▶ [Exercise]
Examine each line of the data. Copy the line if it includes the word "shows".

[[ Given data, beginning ]]

(* Let $D>0$ be a square-free integer with $-D\equiv 2$ or $3\pmod 4$, and suppose $C(-4D)\cong(\mathbb{Z}/2\mathbb{Z})^n$ for some $n\ge 0$. Let $c=p_1^{n_1}\cdots p_k^{n_k}$ be an odd positive integer, with $p_i$ distinct primes. Then there exists a normalized solution $(a,b,c)$ to $x^2+Dy^2=z^2$ if and only if $\left(\frac{-D}{p_i}\right)=1$ for all $1\le i\le k$.
   Context: A normalized solution of $x^2+Dy^2=z^2$ is a triple $(a,b,c)$ of natural numbers with $a^2+Db^2=c^2$ and $\gcd(a,b,c)=1$. $C(-4D)$ denotes the set of $\mathrm{SL}_2(\mathbb{Z})$-equivalence classes of primitive positive-definite binary quadratic forms of discriminant $-4D$, a group under Dirichlet composition. $\left(\frac{\cdot}{p}\right)$ is the Legendre symbol. *)

theory Defs
  imports "HOL-Algebra.Product_Groups" "HOL-Algebra.Elementary_Groups"
          "HOL-Number_Theory.Number_Theory" "HOL-Computational_Algebra.Squarefree"
begin

type_synonym bqf = "int \<times> int \<times> int"

definition bqf_eval :: "bqf \<Rightarrow> int \<Rightarrow> int \<Rightarrow> int" where
  "bqf_eval f x y = (case f of (a, b, c) \<Rightarrow> a * x^2 + b * x * y + c * y^2)"

definition bqf_disc :: "bqf \<Rightarrow> int" where
  "bqf_disc f = (case f of (a, b, c) \<Rightarrow> b^2 - 4 * a * c)"

definition bqf_primitive :: "bqf \<Rightarrow> bool" where
  "bqf_primitive f = (case f of (a, b, c) \<Rightarrow> gcd (gcd a b) c = 1)"

definition bqf_posdef :: "bqf \<Rightarrow> bool" where
  "bqf_posdef f = (\<forall>x y. (x, y) \<noteq> (0, 0) \<longrightarrow> bqf_eval f x y > 0)"

definition ppd_forms :: "int \<Rightarrow> bqf set" where
  "ppd_forms Delta = {f. bqf_disc f = Delta \<and> bqf_primitive f \<and> bqf_posdef f}"

definition bqf_equiv :: "bqf \<Rightarrow> bqf \<Rightarrow> bool" where
  "bqf_equiv f g = (\<exists>p q r s. p * s - q * r = 1 \<and>
       (\<forall>x y. bqf_eval g x y = bqf_eval f (p * x + q * y) (r * x + s * y)))"

definition bqf_equiv_rel :: "int \<Rightarrow> (bqf \<times> bqf) set" where
  "bqf_equiv_rel Delta = {(f, g). f \<in> ppd_forms Delta \<and> g \<in> ppd_forms Delta \<and> bqf_equiv f g}"

definition form_classes :: "int \<Rightarrow> bqf set set" where
  "form_classes Delta = ppd_forms Delta // bqf_equiv_rel Delta"

definition dirichlet_composite :: "int \<Rightarrow> bqf \<Rightarrow> bqf \<Rightarrow> bqf \<Rightarrow> bool" where
  "dirichlet_composite Delta f1 f2 h =
     (case f1 of (a1, b1, c1) \<Rightarrow> case f2 of (a2, b2, c2) \<Rightarrow>
        gcd (gcd a1 a2) ((b1 + b2) div 2) = 1 \<and>
        (\<exists>B. [B = b1] (mod 2 * a1) \<and> [B = b2] (mod 2 * a2) \<and> [B^2 = Delta] (mod 4 * a1 * a2) \<and>
             h = (a1 * a2, B, (B^2 - Delta) div (4 * a1 * a2))))"

definition principal_form :: "int \<Rightarrow> bqf" where
  "principal_form Delta = (if even Delta then (1, 0, - Delta div 4) else (1, 1, (1 - Delta) div 4))"

definition form_class_group :: "int \<Rightarrow> bqf set monoid" where
  "form_class_group Delta =
     \<lparr> carrier = form_classes Delta,
       monoid.mult = (\<lambda>X Y. THE Z. Z \<in> form_classes Delta \<and>
          (\<exists>f1\<in>X. \<exists>f2\<in>Y. \<exists>h\<in>Z. dirichlet_composite Delta f1 f2 h)),
       one = bqf_equiv_rel Delta `` {principal_form Delta} \<rparr>"

definition elem_abelian_2 :: "nat \<Rightarrow> (nat \<Rightarrow> int) monoid" where
  "elem_abelian_2 n = product_group {..<n} (\<lambda>_. integer_mod_group 2)"

end

theory Submission
  imports Defs "HOL-Library.Product_Plus"
begin

text \<open>
  Forms of discriminant \<open>-4D\<close> correspond to lattices in \<open>\<int>[\<surd>-D]\<close>: the form \<open>(a, 2b, c)\<close>
  to the ideal \<open>[a, b + \<surd>-D]\<close>, on which the norm is \<open>a\<close> times the form. Equivalent forms give
  homothetic lattices and conversely (the orientation is forced by comparing indices), and a
  Dirichlet composite corresponds to the product of ideals; hence composition is well defined on
  classes. If every prime \<open>p\<close> dividing the odd number \<open>c\<close> has \<open>(-D/p) = 1\<close>, Hensel lifting and
  the Chinese remainder theorem give \<open>x\<close> with \<open>x\<^sup>2 \<equiv> -D (mod c\<^sup>2)\<close>, and the form
  \<open>(c, 2x, (x\<^sup>2 + D)/c)\<close> composes with itself to \<open>(c\<^sup>2, 2x, (x\<^sup>2 + D)/c\<^sup>2)\<close>. Since every class
  squares to the principal class, the latter is equivalent to \<open>x\<^sup>2 + D y\<^sup>2\<close>, which therefore
  represents \<open>c\<^sup>2\<close> properly. Conversely, a primitive solution makes \<open>-D\<close> a square modulo each
  \<open>p\<close> dividing \<open>c\<close>, and squarefreeness rules out \<open>p\<close> dividing \<open>D\<close>.
\<close>

section \<open>Arithmetic of \<open>\<int>[\<surd>-D]\<close>\<close>

text \<open>The pair \<open>(u, v)\<close> stands for \<open>u + v \<surd>-D\<close>.\<close>

definition qmult :: "int \<Rightarrow> int \<times> int \<Rightarrow> int \<times> int \<Rightarrow> int \<times> int" where
  "qmult D z w = (fst z * fst w - D * snd z * snd w, fst z * snd w + snd z * fst w)"

definition qnorm :: "int \<Rightarrow> int \<times> int \<Rightarrow> int" where
  "qnorm D z = fst z ^ 2 + D * snd z ^ 2"

definition det2 :: "int \<times> int \<Rightarrow> int \<times> int \<Rightarrow> int" where
  "det2 z w = fst z * snd w - snd z * fst w"

lemma qnorm_0 [simp]: "qnorm D 0 = 0"
  by (simp add: qnorm_def)

lemma qmult_interchange:
  "qmult D (qmult D a z) (qmult D b w) = qmult D (qmult D a b) (qmult D z w)"
  by (simp add: qmult_def algebra_simps)

lemma qnorm_qmult: "qnorm D (qmult D z w) = qnorm D z * qnorm D w"
  by (simp add: qnorm_def qmult_def power2_eq_square algebra_simps)

lemma det2_qmult: "det2 (qmult D a z) (qmult D a w) = qnorm D a * det2 z w"
  by (simp add: qnorm_def det2_def qmult_def power2_eq_square algebra_simps)

lemma qnorm_pos:
  assumes "D > 0" and "z \<noteq> 0"
  shows "qnorm D z > 0"
proof (cases "snd z = 0")
  case True
  with assms(2) have "fst z \<noteq> 0" by (simp add: prod_eq_iff)
  with True show ?thesis by (simp add: qnorm_def)
next
  case False
  with assms(1) have "D * snd z ^ 2 > 0" by simp
  then show ?thesis by (simp add: qnorm_def add_nonneg_pos)
qed

lemma qmult_neq_0:
  assumes "D > 0" and "z \<noteq> 0" and "w \<noteq> 0"
  shows "qmult D z w \<noteq> 0"
proof
  assume "qmult D z w = 0"
  then have "qnorm D z * qnorm D w = 0" using qnorm_qmult[of D z w] by simp
  with assms qnorm_pos show False by (metis mult_eq_0_iff less_irrefl)
qed

section \<open>Lattices\<close>

definition pair_scale :: "int \<Rightarrow> int \<times> int \<Rightarrow> int \<times> int" where
  "pair_scale k z = (k * fst z, k * snd z)"

interpretation int_pair: Modules.module pair_scale
  by unfold_locales (auto simp: pair_scale_def algebra_simps)

lemma module_hom_qmult: "Modules.module_hom pair_scale pair_scale (qmult D a)"
  by unfold_locales (auto simp: qmult_def pair_scale_def algebra_simps)

lemma qmult_lincomb:
  "qmult D a (u1 * x + u2 * y, v1 * x + v2 * y) =
     pair_scale x (qmult D a (u1, v1)) + pair_scale y (qmult D a (u2, v2))"
  by (simp add: qmult_def pair_scale_def algebra_simps)

definition lattice_mult :: "int \<Rightarrow> (int \<times> int) set \<Rightarrow> (int \<times> int) set \<Rightarrow> (int \<times> int) set" where
  "lattice_mult D L M = int_pair.span {qmult D z w | z w. z \<in> L \<and> w \<in> M}"

lemma lattice_mult_qmult_image:
  "lattice_mult D (qmult D a ` L) (qmult D b ` M) = qmult D (qmult D a b) ` lattice_mult D L M"
proof -
  have "{qmult D z w | z w. z \<in> qmult D a ` L \<and> w \<in> qmult D b ` M} =
        qmult D (qmult D a b) ` {qmult D z w | z w. z \<in> L \<and> w \<in> M}" (is "?l = ?r")
  proof
    show "?l \<subseteq> ?r"
    proof
      fix x assume "x \<in> ?l"
      then obtain z w where "z \<in> L" "w \<in> M" "x = qmult D (qmult D a b) (qmult D z w)"
        by (auto simp: qmult_interchange)
      then show "x \<in> ?r" by blast
    qed
    show "?r \<subseteq> ?l"
    proof
      fix x assume "x \<in> ?r"
      then obtain z w where "z \<in> L" "w \<in> M" "x = qmult D (qmult D a z) (qmult D b w)"
        by (auto simp: qmult_interchange)
      then show "x \<in> ?l" by blast
    qed
  qed
  then show ?thesis
    unfolding lattice_mult_def by (simp add: module_hom.span_image[OF module_hom_qmult])
qed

[[ Given data, end ]]

▶ [Response to this task]
  shows "qnorm D z > 0"
  shows "qmult D z w \<noteq> 0"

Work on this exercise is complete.